The standardized data is mean-centered by subtracting the mean of each
feature. Mean centering is a prerequisite for PCA computation.


In [8]:
X_meaned = X_scaled.values - np.mean(X_scaled.values, axis=0)

## Covariance Matrix Computation

The covariance matrix is computed to understand how features vary
with respect to each other.


In [9]:
cov_matrix = np.cov(X_meaned, rowvar=False)


## Eigenvalue and Eigenvector Computation

Eigenvalues and eigenvectors are calculated from the covariance matrix.
Eigenvalues represent the variance explained by each principal component,
while eigenvectors represent their directions.


In [10]:
eigen_values, eigen_vectors = np.linalg.eig(cov_matrix)


## Sorting Eigenvalues and Eigenvectors

Eigenvalues and corresponding eigenvectors are sorted in descending order
to prioritize components that explain the maximum variance.


In [11]:
sorted_idx = np.argsort(eigen_values)[::-1]

sorted_eigenvalues = eigen_values[sorted_idx]
sorted_eigenvectors = eigen_vectors[:, sorted_idx]


## Explained Variance Analysis

The explained variance ratio and cumulative variance are calculated
to determine how much information is retained by the principal components.


In [12]:
explained_variance_ratio = sorted_eigenvalues / np.sum(sorted_eigenvalues)
cumulative_variance = np.cumsum(explained_variance_ratio)

cumulative_variance


array([0.44272026, 0.63243208, 0.72636371, 0.79238506, 0.84734274,
       0.88758796, 0.9100953 , 0.92598254, 0.93987903, 0.95156881,
       0.961366  , 0.97007138, 0.97811663, 0.98335029, 0.98648812,
       0.98915022, 0.99113018, 0.99288414, 0.9945334 , 0.99557204,
       0.99657114, 0.99748579, 0.99829715, 0.99889898, 0.99941502,
       0.99968761, 0.99991763, 0.99997061, 0.99999557, 1.        ])

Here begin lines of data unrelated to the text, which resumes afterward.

(* Let $0<\alpha<1$ and let $\mu,\sigma,\varepsilon$ satisfy (A3). Put $$c_0=\operatorname{corr}\big(F^{-1}(U),\mathbf 1_{(\alpha,1)}(U)\big),\qquad \operatorname{TVaR}_\alpha(F)=\frac1{1-\alpha}\int_\alpha^1F^{-1}(u)\,du.$$ Then $$\sup_{G\in\mathcal M_\varepsilon(\mu,\sigma)}\operatorname{TVaR}_\alpha(G)=\mu+\sigma\,\frac{\frac{\alpha}{1-\alpha}+\lambda(\operatorname{TVaR}_\alpha(F)-\mu_F)}{\sqrt{\frac{\alpha}{1-\alpha}+2\lambda(\operatorname{TVaR}_\alpha(F)-\mu_F)+\lambda^2\sigma_F^2}}.$$ Here $\lambda$ is determined as follows. - If $\varepsilon<(\mu_F-\mu)^2+(\sigma_F-\sigma)^2+2\sigma\sigma_F(1-c_0)$, then $$\lambda=\frac{K}{\sigma_F^2}\sqrt{\frac{C^2-V\sigma_F^2}{K^2-\sigma^2\sigma_F^2}}-\frac{C}{\sigma_F^2},$$ with $V=\frac{\alpha}{1-\alpha}$, $C=\operatorname{TVaR}_\alpha(F)-\mu_F$ and $K=\frac12(\mu_F^2+\sigma_F^2+\mu^2+\sigma^2-2\mu\mu_F-\varepsilon)$. - Otherwise, $\lambda=0$.
   Context: Let $(\Omega,\mathcal A,\mathbb P)$ be an atomless probability space and $U\sim\mathcal U(0,1)$. $\mathcal M^2$ denotes the distribution functions on $\mathbb R$ with finite second moment, and $G^{-1}(u)=\inf\{y:G(y)\ge u\}$. $\operatorname{TVaR}_\alpha(G)=\frac1{1-\alpha}\int_\alpha^1G^{-1}(u)\,du$. This is the distortion risk measure $H_g(G)=\int_0^1\gamma G^{-1}$ with weight $\gamma(u)=\frac1{1-\alpha}\mathbf 1_{(\alpha,1)}(u)$. The order-2 Wasserstein distance is $d_W(G_1,G_2)=\big(\int_0^1(G_1^{-1}-G_2^{-1})^2\big)^{1/2}$. A reference $F\in\mathcal M^2$ is fixed, with mean $\mu_F$ and standard deviation $\sigma_F>0$. For $\mu\in\mathbb R$, $\sigma>0$, $0\le\varepsilon\le\infty$: $$\mathcal M_\varepsilon(\mu,\sigma)=\Big\{G\in\mathcal M^2:\int x\,dG=\mu,\ \int x^2dG=\mu^2+\sigma^2,\ d_W(F,G)\le\sqrt\varepsilon\Big\}.$$ (A3) denotes the assumption $\varepsilon>(\mu_F-\mu)^2+(\sigma_F-\sigma)^2$. *)

theory Defs
  imports "HOL-Probability.Probability"
begin

definition finite_second_moment :: "real measure \<Rightarrow> bool" where
  "finite_second_moment M \<longleftrightarrow> real_distribution M \<and> integrable M (\<lambda>x. x ^ 2)"

definition quantile :: "real measure \<Rightarrow> real \<Rightarrow> real" where
  "quantile M u = Inf {y. cdf M y \<ge> u}"

definition dmean :: "real measure \<Rightarrow> real" where
  "dmean M = (\<integral>x. x \<partial>M)"

definition dsd :: "real measure \<Rightarrow> real" where
  "dsd M = sqrt ((\<integral>x. x ^ 2 \<partial>M) - (dmean M) ^ 2)"

definition TVaR :: "real \<Rightarrow> real measure \<Rightarrow> real" where
  "TVaR \<alpha> M = (1 / (1 - \<alpha>)) * (LBINT u:{\<alpha><..<1}. quantile M u)"

definition wass2_sq :: "real measure \<Rightarrow> real measure \<Rightarrow> real" where
  "wass2_sq G1 G2 = (LBINT u:{0<..<1}. (quantile G1 u - quantile G2 u) ^ 2)"

definition wass2 :: "real measure \<Rightarrow> real measure \<Rightarrow> real" where
  "wass2 G1 G2 = sqrt (wass2_sq G1 G2)"

definition amb_set :: "real measure \<Rightarrow> ereal \<Rightarrow> real \<Rightarrow> real \<Rightarrow> real measure set" where
  "amb_set F \<epsilon> \<mu> \<sigma> = {G. finite_second_moment G \<and> (\<integral>x. x \<partial>G) = \<mu> \<and>
       (\<integral>x. x ^ 2 \<partial>G) = \<mu> ^ 2 + \<sigma> ^ 2 \<and> (\<epsilon> = \<infinity> \<or> wass2 F G \<le> sqrt (real_of_ereal \<epsilon>))}"

definition covar :: "'a measure \<Rightarrow> ('a \<Rightarrow> real) \<Rightarrow> ('a \<Rightarrow> real) \<Rightarrow> real" where
  "covar P X Y = (\<integral>w. X w * Y w \<partial>P) - (\<integral>w. X w \<partial>P) * (\<integral>w. Y w \<partial>P)"

definition corr :: "'a measure \<Rightarrow> ('a \<Rightarrow> real) \<Rightarrow> ('a \<Rightarrow> real) \<Rightarrow> real" where
  "corr P X Y = covar P X Y / sqrt (covar P X X * covar P Y Y)"

text \<open>U ~ Unif(0,1): identity random variable on the uniform measure on (0,1).\<close>
definition unif01 :: "real measure" where
  "unif01 = uniform_measure lborel {0<..<1}"

end

theory Submission
  imports Defs
begin

text \<open>
  Represent each distribution G by its quantile function \<open>q\<^sub>G\<close> on (0,1) with Lebesgue measure.
  Mean, second moment, \<open>(1 - \<alpha>) TVaR\<^sub>\<alpha>(G)\<close> and the squared Wasserstein distance to F then become
  inner products of \<open>q\<^sub>G\<close> with 1, the indicator I of \<open>(\<alpha>, 1)\<close> and \<open>q\<^sub>F\<close>.  For \<open>\<lambda> \<ge> 0\<close>,
  Cauchy--Schwarz between \<open>q\<^sub>G - \<mu>\<close> and \<open>I / (1 - \<alpha>) + \<lambda> q\<^sub>F\<close> bounds \<open>TVaR\<^sub>\<alpha>(G) - \<mu>\<close> plus \<open>\<lambda>\<close>
  times the covariance of \<open>q\<^sub>F\<close> and \<open>q\<^sub>G\<close>, and the Wasserstein constraint bounds that covariance
  from below.  The equality case of Cauchy--Schwarz is a nondecreasing combination of I and \<open>q\<^sub>F\<close>,
  hence itself a quantile function; it is feasible and attains the bound when \<open>\<lambda>\<close> either makes
  the Wasserstein constraint binding or is 0 with the constraint slack.  The stated \<open>\<lambda>\<close> is the
  root of the binding equation, and the threshold involving \<open>c\<^sub>0\<close> decides which case occurs.
\<close>

abbreviation lborel01 :: "real measure" where
  "lborel01 \<equiv> restrict_space lborel {0<..<1}"

lemma prob_space_lborel01: "prob_space lborel01"
  by (auto simp: emeasure_restrict_space space_restrict_space intro!: prob_spaceI)

lemma borel_measurable_lborel01: "f \<in> borel_measurable borel \<Longrightarrow> f \<in> borel_measurable lborel01"
  by (rule measurable_restrict_space1) simp

lemma integrable_lborel01_const [simp]: "integrable lborel01 (\<lambda>_. c::real)"
  using finite_measure.integrable_const[OF prob_space.finite_measure[OF prob_space_lborel01]] .

lemma integral_lborel01: "integral\<^sup>L lborel01 f = (LBINT u:{0<..<1}. f u)"
  for f :: "real \<Rightarrow> real"
  by (simp add: integral_restrict_space set_lebesgue_integral_def)

lemma integral_lborel01_indicator:
  assumes "0 \<le> a" "a \<le> 1"
  shows "integral\<^sup>L lborel01 (indicator {a<..<1}) = 1 - (a::real)"
proof -
  have "integral\<^sup>L lborel01 (indicator {a<..<1}) = measure lborel01 {a<..<1}"
    using assms by (simp add: space_restrict_space Int_absorb2 subset_eq)
  also have "\<dots> = 1 - a"
    using assms by (subst measure_restrict_space) auto
  finally show ?thesis .
qed

lemma integral_unif01:
  fixes f :: "real \<Rightarrow> real"
  assumes "f \<in> borel_measurable borel"
  shows "integral\<^sup>L unif01 f = integral\<^sup>L lborel01 f"
proof -
  have "unif01 = density lborel (\<lambda>u. ennreal (indicator {0<..<1} u))"
    by (auto simp: unif01_def uniform_measure_def intro!: arg_cong[where f="density lborel"]
        split: split_indicator)
  also have "integral\<^sup>L \<dots> f = (LBINT u:{0<..<1}. f u)"
    using assms by (subst integral_density) (auto simp: set_lebesgue_integral_def)
  finally show ?thesis
    by (simp add: integral_lborel01)
qed

definition square_integrable :: "(real \<Rightarrow> real) \<Rightarrow> bool" where
  "square_integrable x \<longleftrightarrow> x \<in> borel_measurable borel \<and> integrable lborel01 (\<lambda>u. (x u)\<^sup>2)"

lemma square_integrable_const: "square_integrable (\<lambda>_. c)"
  by (simp add: square_integrable_def)

lemma square_integrable_integrable_mult:
  assumes "square_integrable x" "square_integrable y"
  shows "integrable lborel01 (\<lambda>u. x u * y u)"
proof (rule Bochner_Integration.integrable_bound)
  show "integrable lborel01 (\<lambda>u. (x u)\<^sup>2 + (y u)\<^sup>2)"
    using assms by (simp add: square_integrable_def)
  show "(\<lambda>u. x u * y u) \<in> borel_measurable lborel01"
    using assms by (auto simp: square_integrable_def intro!: borel_measurable_lborel01)
  have "\<bar>a * b\<bar> \<le> a\<^sup>2 + b\<^sup>2" for a b :: real
    using sum_squares_bound[of a b] sum_squares_bound[of a "- b"] by (auto simp: abs_if)
  then show "AE u in lborel01. norm (x u * y u) \<le> norm ((x u)\<^sup>2 + (y u)\<^sup>2)"
    by simp
qed

lemma square_integrable_integrable: "square_integrable x \<Longrightarrow> integrable lborel01 x"
  using square_integrable_integrable_mult[OF _ square_integrable_const[of 1]] by simp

## Selection of Principal Components

The minimum number of principal components required to retain
95% of the total variance is selected.


In [13]:
n_components = np.argmax(cumulative_variance >= 0.95) + 1
n_components


np.int64(10)

## Projection onto Principal Components

The original data is projected onto the selected principal components,
resulting in a reduced-dimensional representation of the dataset.


In [14]:
projection_matrix = sorted_eigenvectors[:, :n_components]

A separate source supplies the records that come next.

(* Let $\phi:\mathbb{C}_0\to\mathbb{C}_0$ be a non-constant analytic function of the form $\phi(s)=c_0s+\varphi(s)$ with $c_0\in\mathbb{N}_0$, $\varphi\in\mathcal{D}$, such that $C_\phi f=f\circ\phi$ maps $\mathcal{A}^+$ into itself. Suppose moreover that $\phi$ has a continuous extension to $\overline{\mathbb{C}_0}=\{\operatorname{Re}s\ge0\}$ which preserves the boundary, i.e. $\phi(i\mathbb{R})\subseteq i\mathbb{R}$. Then $\phi(s)=c_0s+i\tau$ with $c_0\in\mathbb{N}_0$ and $\tau\in\mathbb{R}$.
   Context: $\mathbb{C}_0=\{\operatorname{Re}s>0\}$. $\mathcal{A}^+$ is the Banach algebra of Dirichlet series $f(s)=\sum_{n\ge1}a_nn^{-s}$ with $\|f\|_{\mathcal{A}^+}=\sum|a_n|<\infty$, viewed as functions on $\{\operatorname{Re}s\ge0\}$, with pointwise product. $\mathcal{D}$ is the space of analytic functions on $\mathbb{C}_0$ representable by a convergent Dirichlet series $\sum c_nn^{-s}$ for $\operatorname{Re}s$ large enough. $\mathbb{N}_0=\{0,1,2,\dots\}$. *)

theory Defs
  imports "HOL-Analysis.Analysis"
begin

definition C0 :: "complex set" where "C0 = {s. 0 < Re s}"
definition C0_closure :: "complex set" where "C0_closure = {s. 0 \<le> Re s}"

text \<open>Dirichlet series sum of coefficients a (the term n = 0 vanishes since 0 powr z = 0),
  i.e. sum over n >= 1 of a n * n^(-s).\<close>
definition dirichlet_series :: "(nat \<Rightarrow> complex) \<Rightarrow> complex \<Rightarrow> complex" where
  "dirichlet_series a s = (\<Sum>n. a n * (of_nat n) powr (- s))"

X_pca_manual = X_meaned.dot(projection_matrix)

X_pca_manual.shape


(569, 10)

## Conclusion

Principal Component Analysis (PCA) was successfully implemented from scratch
using NumPy. The algorithm involved standardization, covariance matrix
computation, eigenvalue decomposition, and projection onto principal components.
No scikit-learn functions were used in this implementation.